From the National Geographic Endeavour in Galapagos
Feb 28, 2013 - National Geographic Endeavour
Santa Cruz Island
Last night the National Geographic Endeavour sailed southeast towards the older part of the archipelago. The islands in the center of the archipelago are significantly older than the western part and we therefore did some form of time traveling. It is unique in the sense that despite the small distances between the islands, the differences between them are significant.
Santa Cruz is a relatively big Galapagos Island and has on its southern flank a lush, tropical forest. Puerto Ayora, the biggest town on Santa Cruz, is the main hub for tourism and inhabitants. The still small coastal town stands as a model for a modern boomtown; construction sites are prominent and unpainted cinderblock walls and floors are everywhere you look. Out of control and unregulated urban growth made a town that has no true identity or city planning; when walking through its streets one could be in any one of the many impoverished Latin American small towns.
And yet there are still the unique houses and scenes of real Galapagos life as it was not long ago on the four inhabited islands. These breathe the old times, when the town’s power plant would shut down every night at ten, the cargo ship with supplies from the mainland would arrive only once every ten or twelve days, and tourism was more an oddity than a means of living.
We disembarked early in the morning to visit another important part of this town: the oldest tortoise breeding center of the islands. Here we find pens that are crawling with young tortoises and hear about the success stories of island restoration. The center is situated in a unique dry forest that wraps around Puerto Ayora everywhere except on the waterfront.
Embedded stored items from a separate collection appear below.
lemma exponential_beats_linear:
  fixes c m N :: real
  assumes "N > 0" "m + 2 * log 2 N < c"
  shows "N * 2 powr ((c + m) / 2) < 2 powr c"
proof -
  have "N = 2 powr log 2 N"
    using assms(1) by simp
  also have "\<dots> < 2 powr ((c - m) / 2)"
    using assms(2) by (intro powr_less_mono) auto
  finally have "N * 2 powr ((c + m) / 2) < 2 powr ((c - m) / 2) * 2 powr ((c + m) / 2)"
    by (intro mult_strict_right_mono) auto
  also have "\<dots> = 2 powr c"
    by (simp add: powr_add[symmetric] add_divide_distrib[symmetric])
  finally show ?thesis .
qed

lemma transl_inv_group_permutation:
  fixes \<pi> :: "'a::{ab_group_add,finite} \<Rightarrow> 'a"
  assumes "\<pi> \<in> transl_inv_group"
  shows "permutation \<pi>"
proof -
  have "inj \<pi>"
    using assms unfolding transl_inv_group_def by (auto simp: inj_def)
  then show ?thesis
    by (simp add: permutation finite_UNIV_inj_surj bij_def)
qed

(* The fixed points of x \<mapsto> -x + g are the solutions of 2x = g, a coset of the
   subgroup of elements of order at most 2 (or empty). *)
lemma card_fixpoints_reflection:
  fixes g :: "'a::{ab_group_add,finite}"
  shows "card {x \<in> C. - x + g = x} \<le> card {x::'a. x + x = 0}"
proof (cases "\<exists>x0. x0 + x0 = g")
  case False
  then have "{x \<in> C. - x + g = x} = {}"
    by (auto simp: algebra_simps)
  then show ?thesis
    by (metis card.empty le0)
next
  case True
  then obtain x0 where x0: "x0 + x0 = g" by blast
  have "inj_on (\<lambda>x. x - x0) {x \<in> C. - x + g = x}"
    by (auto simp: inj_on_def)
  moreover have "(\<lambda>x. x - x0) ` {x \<in> C. - x + g = x} \<subseteq> {x. x + x = 0}"
    using x0 by (auto simp: algebra_simps)
  ultimately show ?thesis
    by (intro card_inj_on_le) auto
qed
The forest boasts the tallest Opuntia cacti in Galapagos and since it is spring time the cacti, trees, and shrubs are flowering. The air is heavy with fragrance and we spot many finches of various species in their hurried state of courting and nest-building.
Later we head up into the hills to have lunch and afterward we see another unique landscape; that of the transition zone of a medium high Galapagos Island. We see a unique mix of tall endemic trees and grasslands, and giant tortoises complete the picture as if they were cattle.
As we take the ride back to town some of us decide to hang around in town for another hour. When we arrive at the small court on the waterfront we spot the same Galapagos animals we know so well by now. Next the area fills up with a local crowd to see the men of town play fanatic games of volleyball, and the playground next to the court is busy with dozens of children. Tonight, even this boomtown looks charming and unique.